§ TASK REQUIREMENTS
Go through the records and filter out every line lacking the word "thus"; copy the lines that remain.

Segment Start: RECORDED INFORMATION

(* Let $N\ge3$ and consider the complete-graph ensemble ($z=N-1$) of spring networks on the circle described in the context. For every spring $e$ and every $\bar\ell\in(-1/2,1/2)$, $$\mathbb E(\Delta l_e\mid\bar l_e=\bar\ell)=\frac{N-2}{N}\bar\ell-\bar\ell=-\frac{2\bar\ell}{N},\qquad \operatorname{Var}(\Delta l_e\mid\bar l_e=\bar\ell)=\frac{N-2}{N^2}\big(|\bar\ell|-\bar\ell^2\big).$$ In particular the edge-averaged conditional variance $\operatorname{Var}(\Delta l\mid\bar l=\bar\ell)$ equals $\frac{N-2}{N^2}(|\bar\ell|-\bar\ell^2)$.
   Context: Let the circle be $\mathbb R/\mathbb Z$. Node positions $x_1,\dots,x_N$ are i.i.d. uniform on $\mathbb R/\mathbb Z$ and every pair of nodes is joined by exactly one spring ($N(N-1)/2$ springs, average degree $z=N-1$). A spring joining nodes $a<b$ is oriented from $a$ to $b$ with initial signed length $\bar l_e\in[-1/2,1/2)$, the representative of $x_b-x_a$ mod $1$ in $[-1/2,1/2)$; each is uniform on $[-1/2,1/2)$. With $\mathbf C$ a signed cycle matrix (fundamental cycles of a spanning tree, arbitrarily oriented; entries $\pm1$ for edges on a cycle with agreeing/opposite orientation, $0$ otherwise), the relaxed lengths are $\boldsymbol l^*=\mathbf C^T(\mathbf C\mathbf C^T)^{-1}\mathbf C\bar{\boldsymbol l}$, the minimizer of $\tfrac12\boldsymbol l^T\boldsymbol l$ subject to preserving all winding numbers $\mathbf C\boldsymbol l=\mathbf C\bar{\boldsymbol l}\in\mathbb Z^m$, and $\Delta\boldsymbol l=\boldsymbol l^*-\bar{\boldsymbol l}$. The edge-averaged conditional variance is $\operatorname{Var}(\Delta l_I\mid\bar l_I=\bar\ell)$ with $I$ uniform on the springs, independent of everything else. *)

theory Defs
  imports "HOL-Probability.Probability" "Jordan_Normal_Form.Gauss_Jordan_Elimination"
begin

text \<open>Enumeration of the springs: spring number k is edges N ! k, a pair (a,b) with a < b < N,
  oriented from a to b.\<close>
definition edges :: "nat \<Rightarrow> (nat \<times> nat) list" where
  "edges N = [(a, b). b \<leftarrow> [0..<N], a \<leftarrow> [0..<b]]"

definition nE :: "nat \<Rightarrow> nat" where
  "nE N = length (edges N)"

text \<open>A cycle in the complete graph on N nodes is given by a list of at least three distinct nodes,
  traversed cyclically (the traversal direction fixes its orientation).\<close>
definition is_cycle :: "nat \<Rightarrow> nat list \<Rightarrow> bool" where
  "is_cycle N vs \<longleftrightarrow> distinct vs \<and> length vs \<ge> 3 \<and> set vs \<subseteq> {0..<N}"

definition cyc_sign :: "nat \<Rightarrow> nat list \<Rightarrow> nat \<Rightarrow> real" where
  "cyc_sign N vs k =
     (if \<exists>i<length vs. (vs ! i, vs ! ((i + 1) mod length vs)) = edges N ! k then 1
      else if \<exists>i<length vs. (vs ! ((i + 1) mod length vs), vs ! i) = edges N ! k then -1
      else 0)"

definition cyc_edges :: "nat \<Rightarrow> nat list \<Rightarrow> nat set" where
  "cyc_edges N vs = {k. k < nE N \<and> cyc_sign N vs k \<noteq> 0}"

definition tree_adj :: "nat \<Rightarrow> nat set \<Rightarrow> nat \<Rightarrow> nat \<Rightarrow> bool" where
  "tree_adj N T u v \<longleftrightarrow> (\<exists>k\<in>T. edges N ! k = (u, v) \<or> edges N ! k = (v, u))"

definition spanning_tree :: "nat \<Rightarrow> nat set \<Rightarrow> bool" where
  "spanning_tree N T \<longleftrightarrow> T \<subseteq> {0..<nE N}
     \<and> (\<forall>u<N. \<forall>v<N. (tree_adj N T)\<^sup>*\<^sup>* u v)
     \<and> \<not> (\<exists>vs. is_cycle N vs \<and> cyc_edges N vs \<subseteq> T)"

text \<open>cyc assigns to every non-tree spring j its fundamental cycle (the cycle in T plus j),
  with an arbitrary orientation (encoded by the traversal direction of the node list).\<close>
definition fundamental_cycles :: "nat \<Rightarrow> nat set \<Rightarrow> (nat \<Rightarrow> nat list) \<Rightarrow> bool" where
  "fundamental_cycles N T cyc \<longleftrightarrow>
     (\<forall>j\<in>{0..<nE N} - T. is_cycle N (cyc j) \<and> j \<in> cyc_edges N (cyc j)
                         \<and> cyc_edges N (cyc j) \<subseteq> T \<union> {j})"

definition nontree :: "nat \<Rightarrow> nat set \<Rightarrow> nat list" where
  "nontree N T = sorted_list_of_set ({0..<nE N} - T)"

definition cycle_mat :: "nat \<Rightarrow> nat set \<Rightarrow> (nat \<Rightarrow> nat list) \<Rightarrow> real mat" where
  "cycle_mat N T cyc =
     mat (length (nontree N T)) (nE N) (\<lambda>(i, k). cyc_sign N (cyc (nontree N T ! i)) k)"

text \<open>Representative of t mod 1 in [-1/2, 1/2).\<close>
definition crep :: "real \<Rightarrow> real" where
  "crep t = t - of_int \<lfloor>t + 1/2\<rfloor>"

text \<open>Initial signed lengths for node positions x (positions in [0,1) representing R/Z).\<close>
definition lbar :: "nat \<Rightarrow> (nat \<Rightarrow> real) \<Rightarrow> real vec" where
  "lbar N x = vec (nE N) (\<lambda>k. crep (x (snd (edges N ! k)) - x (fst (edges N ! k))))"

Segment End: RECORDED INFORMATION
Segment Start: RECORDED INFORMATION

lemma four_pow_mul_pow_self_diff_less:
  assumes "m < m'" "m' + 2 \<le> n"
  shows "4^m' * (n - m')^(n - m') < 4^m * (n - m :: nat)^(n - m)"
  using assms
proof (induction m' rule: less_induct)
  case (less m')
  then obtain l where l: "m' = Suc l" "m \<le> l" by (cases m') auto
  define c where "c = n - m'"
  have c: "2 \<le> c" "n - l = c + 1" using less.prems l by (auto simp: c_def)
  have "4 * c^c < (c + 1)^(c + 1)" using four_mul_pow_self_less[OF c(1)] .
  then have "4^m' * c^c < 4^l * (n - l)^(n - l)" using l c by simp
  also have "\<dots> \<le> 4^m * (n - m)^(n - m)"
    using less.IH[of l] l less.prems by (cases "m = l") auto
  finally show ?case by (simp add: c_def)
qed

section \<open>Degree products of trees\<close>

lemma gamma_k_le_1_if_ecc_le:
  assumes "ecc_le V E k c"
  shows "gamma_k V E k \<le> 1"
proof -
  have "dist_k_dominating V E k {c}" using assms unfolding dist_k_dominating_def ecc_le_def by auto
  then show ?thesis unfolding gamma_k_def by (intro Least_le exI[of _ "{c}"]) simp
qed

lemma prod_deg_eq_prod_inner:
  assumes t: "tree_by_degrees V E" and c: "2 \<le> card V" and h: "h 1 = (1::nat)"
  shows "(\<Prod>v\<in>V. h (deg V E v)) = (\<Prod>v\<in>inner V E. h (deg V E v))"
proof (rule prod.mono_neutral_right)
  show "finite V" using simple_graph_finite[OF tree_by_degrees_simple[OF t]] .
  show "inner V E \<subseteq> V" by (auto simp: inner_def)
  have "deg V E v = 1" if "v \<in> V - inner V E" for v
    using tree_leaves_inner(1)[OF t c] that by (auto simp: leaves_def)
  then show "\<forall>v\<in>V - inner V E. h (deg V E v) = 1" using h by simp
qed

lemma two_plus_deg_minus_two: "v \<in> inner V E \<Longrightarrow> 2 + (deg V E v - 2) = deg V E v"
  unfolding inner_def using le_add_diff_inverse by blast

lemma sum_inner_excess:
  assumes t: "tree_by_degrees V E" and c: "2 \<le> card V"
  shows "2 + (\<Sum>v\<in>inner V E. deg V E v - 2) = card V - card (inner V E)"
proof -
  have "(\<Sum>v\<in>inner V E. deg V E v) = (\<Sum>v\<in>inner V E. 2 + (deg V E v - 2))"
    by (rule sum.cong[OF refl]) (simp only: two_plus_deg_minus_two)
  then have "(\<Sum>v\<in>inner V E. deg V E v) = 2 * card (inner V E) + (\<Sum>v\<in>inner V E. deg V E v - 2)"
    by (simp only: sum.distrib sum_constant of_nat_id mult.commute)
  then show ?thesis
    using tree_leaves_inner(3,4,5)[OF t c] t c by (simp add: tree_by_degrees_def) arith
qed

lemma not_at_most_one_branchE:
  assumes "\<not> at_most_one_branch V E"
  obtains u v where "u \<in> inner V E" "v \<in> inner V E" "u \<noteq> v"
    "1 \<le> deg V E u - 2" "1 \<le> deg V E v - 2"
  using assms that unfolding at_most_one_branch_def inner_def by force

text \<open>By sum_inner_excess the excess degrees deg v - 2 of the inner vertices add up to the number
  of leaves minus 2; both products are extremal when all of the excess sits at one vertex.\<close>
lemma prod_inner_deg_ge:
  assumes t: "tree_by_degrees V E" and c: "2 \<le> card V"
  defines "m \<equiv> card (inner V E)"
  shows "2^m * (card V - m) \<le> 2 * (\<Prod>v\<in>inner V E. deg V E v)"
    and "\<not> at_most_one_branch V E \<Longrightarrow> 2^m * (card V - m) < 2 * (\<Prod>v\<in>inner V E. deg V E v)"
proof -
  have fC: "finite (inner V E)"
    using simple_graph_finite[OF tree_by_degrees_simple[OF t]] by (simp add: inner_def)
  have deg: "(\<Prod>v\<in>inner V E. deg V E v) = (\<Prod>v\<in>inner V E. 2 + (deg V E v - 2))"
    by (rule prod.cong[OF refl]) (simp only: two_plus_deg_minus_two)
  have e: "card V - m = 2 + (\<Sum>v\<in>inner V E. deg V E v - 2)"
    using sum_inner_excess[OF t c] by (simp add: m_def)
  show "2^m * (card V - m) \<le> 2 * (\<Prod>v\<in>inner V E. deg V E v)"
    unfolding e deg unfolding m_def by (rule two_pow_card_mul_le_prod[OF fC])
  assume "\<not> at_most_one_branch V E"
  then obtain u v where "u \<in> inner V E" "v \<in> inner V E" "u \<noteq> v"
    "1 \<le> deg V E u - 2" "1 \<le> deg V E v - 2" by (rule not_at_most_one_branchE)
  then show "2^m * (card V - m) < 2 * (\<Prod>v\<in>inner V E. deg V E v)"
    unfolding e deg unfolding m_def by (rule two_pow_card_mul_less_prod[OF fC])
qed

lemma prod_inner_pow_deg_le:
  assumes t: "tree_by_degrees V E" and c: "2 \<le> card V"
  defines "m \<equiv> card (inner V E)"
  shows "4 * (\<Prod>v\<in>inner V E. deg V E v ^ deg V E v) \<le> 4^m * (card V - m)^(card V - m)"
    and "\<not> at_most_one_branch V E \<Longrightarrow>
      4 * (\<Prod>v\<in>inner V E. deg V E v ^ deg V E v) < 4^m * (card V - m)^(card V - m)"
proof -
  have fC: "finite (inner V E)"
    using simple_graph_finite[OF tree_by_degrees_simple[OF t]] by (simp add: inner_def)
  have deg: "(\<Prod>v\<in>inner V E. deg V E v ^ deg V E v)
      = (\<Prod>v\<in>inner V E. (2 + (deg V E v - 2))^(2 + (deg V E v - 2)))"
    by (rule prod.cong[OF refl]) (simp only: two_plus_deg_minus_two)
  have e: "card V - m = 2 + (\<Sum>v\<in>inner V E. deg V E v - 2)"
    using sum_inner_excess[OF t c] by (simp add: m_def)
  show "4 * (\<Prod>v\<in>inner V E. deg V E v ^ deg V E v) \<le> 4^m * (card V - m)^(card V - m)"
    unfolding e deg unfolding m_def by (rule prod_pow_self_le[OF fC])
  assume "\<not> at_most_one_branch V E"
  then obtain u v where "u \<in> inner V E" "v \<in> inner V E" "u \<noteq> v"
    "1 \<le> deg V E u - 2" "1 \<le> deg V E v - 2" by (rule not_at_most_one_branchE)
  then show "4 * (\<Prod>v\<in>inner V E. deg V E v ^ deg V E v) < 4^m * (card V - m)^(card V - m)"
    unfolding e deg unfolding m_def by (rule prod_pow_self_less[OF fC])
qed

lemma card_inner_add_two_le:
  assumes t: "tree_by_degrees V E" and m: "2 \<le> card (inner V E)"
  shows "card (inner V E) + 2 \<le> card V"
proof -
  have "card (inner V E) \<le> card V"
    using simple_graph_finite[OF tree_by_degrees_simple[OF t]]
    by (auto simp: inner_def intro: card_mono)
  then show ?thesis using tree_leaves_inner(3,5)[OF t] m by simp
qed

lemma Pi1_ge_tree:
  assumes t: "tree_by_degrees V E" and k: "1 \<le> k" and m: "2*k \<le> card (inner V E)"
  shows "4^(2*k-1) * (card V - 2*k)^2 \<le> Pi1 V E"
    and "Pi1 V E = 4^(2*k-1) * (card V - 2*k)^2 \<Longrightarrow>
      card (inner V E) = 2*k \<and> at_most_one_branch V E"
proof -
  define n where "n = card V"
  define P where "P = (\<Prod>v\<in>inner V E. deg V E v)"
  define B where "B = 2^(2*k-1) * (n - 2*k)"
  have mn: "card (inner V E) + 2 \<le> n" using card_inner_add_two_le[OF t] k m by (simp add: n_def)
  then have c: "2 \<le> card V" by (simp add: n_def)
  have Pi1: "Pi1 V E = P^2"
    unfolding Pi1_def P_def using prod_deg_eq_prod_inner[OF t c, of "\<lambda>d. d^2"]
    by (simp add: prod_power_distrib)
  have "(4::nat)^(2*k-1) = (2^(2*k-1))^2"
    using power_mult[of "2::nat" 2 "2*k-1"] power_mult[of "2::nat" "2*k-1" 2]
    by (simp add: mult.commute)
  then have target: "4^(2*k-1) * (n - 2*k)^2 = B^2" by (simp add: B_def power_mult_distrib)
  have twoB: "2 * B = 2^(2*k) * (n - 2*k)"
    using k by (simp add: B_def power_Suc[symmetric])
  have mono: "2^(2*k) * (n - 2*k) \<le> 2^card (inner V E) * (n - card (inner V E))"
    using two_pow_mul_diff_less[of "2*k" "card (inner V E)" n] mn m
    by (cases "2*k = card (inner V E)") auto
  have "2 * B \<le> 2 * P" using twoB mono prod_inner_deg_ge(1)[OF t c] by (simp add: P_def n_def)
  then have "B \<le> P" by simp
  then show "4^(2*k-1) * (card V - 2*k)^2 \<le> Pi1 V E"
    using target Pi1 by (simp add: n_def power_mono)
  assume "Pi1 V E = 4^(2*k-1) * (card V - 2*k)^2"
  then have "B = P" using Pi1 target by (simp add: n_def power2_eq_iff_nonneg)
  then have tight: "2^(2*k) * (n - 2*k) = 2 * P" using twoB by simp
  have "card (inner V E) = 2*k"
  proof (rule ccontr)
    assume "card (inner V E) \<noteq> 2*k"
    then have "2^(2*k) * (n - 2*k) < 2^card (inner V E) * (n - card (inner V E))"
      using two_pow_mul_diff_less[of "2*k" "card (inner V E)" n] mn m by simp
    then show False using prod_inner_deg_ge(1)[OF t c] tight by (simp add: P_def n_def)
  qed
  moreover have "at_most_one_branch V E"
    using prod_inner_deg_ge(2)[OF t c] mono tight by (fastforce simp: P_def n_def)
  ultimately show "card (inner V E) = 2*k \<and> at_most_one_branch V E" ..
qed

Segment End: RECORDED INFORMATION
Segment Start: RECORDED INFORMATION

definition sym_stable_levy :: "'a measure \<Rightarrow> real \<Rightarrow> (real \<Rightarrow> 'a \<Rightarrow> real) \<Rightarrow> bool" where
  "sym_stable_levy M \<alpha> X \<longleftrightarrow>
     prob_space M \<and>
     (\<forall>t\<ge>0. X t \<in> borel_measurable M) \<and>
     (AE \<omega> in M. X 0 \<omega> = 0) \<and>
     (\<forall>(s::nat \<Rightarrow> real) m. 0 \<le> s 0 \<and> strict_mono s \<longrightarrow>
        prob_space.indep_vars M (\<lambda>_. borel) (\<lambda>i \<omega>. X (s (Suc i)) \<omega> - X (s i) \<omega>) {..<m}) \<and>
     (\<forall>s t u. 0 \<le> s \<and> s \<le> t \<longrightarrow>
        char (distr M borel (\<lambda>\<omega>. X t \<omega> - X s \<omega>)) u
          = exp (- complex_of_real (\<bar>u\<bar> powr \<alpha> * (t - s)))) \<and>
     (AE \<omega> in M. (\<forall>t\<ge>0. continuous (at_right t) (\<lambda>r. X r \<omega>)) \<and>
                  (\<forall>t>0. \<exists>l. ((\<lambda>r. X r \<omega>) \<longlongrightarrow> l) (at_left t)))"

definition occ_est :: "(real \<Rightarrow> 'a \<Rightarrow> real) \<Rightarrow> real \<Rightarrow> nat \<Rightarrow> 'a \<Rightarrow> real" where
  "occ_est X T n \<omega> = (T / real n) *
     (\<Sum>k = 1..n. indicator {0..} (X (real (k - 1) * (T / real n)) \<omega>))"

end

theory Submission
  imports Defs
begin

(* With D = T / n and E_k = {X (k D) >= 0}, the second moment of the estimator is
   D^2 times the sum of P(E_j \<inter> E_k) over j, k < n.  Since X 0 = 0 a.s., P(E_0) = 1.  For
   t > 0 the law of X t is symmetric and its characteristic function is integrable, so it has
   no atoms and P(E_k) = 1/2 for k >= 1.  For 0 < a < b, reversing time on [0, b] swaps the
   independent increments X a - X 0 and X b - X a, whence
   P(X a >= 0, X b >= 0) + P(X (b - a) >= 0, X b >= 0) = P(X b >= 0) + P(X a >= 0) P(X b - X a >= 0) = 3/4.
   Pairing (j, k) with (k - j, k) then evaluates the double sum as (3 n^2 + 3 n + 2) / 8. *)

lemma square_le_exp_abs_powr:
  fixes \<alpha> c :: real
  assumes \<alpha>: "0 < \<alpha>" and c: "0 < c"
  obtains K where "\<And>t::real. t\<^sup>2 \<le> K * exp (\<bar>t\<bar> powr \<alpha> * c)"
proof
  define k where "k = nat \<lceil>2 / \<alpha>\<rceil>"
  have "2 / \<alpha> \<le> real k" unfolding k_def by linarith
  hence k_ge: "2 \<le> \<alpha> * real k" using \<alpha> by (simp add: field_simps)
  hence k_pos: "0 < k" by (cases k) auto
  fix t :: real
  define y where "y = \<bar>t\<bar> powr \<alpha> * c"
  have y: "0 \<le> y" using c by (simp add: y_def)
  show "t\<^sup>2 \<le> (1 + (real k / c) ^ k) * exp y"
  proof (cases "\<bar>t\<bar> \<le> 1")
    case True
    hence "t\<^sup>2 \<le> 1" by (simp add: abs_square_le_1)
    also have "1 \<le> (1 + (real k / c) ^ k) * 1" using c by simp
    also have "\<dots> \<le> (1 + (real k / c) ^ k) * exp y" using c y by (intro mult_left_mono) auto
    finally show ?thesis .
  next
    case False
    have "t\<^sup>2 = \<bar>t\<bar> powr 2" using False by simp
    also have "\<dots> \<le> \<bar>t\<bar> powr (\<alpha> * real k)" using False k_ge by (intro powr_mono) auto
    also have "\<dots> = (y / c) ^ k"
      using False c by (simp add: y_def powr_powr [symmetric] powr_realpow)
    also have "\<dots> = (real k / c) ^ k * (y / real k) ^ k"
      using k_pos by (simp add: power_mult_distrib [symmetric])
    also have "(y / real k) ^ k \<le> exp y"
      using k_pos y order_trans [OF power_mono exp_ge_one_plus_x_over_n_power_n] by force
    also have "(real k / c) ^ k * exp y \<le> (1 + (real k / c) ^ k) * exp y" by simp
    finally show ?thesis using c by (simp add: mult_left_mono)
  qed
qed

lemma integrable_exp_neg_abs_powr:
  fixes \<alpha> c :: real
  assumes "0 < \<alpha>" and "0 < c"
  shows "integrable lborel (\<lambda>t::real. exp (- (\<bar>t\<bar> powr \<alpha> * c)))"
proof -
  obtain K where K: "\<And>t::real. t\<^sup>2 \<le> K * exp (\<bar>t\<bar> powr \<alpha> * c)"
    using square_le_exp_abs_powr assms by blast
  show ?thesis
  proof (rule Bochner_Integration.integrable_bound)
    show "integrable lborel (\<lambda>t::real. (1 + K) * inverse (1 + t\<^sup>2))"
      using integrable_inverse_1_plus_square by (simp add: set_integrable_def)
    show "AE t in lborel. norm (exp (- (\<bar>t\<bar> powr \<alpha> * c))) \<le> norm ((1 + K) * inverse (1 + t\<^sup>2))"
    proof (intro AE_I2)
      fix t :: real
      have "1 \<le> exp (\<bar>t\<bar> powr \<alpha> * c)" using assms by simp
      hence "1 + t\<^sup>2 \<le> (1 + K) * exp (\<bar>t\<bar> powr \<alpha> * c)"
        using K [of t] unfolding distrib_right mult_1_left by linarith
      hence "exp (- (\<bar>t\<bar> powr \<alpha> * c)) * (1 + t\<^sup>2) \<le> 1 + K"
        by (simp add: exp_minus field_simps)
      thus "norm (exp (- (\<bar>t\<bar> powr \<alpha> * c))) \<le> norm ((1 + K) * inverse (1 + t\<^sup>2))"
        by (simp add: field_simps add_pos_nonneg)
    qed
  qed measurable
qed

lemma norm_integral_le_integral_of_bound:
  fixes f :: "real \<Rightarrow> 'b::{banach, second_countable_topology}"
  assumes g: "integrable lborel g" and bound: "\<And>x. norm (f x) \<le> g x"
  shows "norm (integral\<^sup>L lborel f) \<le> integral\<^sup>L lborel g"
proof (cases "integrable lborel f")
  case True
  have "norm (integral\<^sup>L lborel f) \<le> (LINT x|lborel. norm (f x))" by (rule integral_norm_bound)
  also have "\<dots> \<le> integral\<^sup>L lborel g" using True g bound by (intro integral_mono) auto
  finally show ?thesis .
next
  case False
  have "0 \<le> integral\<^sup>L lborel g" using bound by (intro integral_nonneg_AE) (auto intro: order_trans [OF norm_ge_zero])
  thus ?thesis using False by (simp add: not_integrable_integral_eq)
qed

Segment End: RECORDED INFORMATION

§ RESULT OF THIS EXERCISE
      thus "norm (exp (- (\<bar>t\<bar> powr \<alpha> * c))) \<le> norm ((1 + K) * inverse (1 + t\<^sup>2))"
  thus ?thesis using False by (simp add: not_integrable_integral_eq)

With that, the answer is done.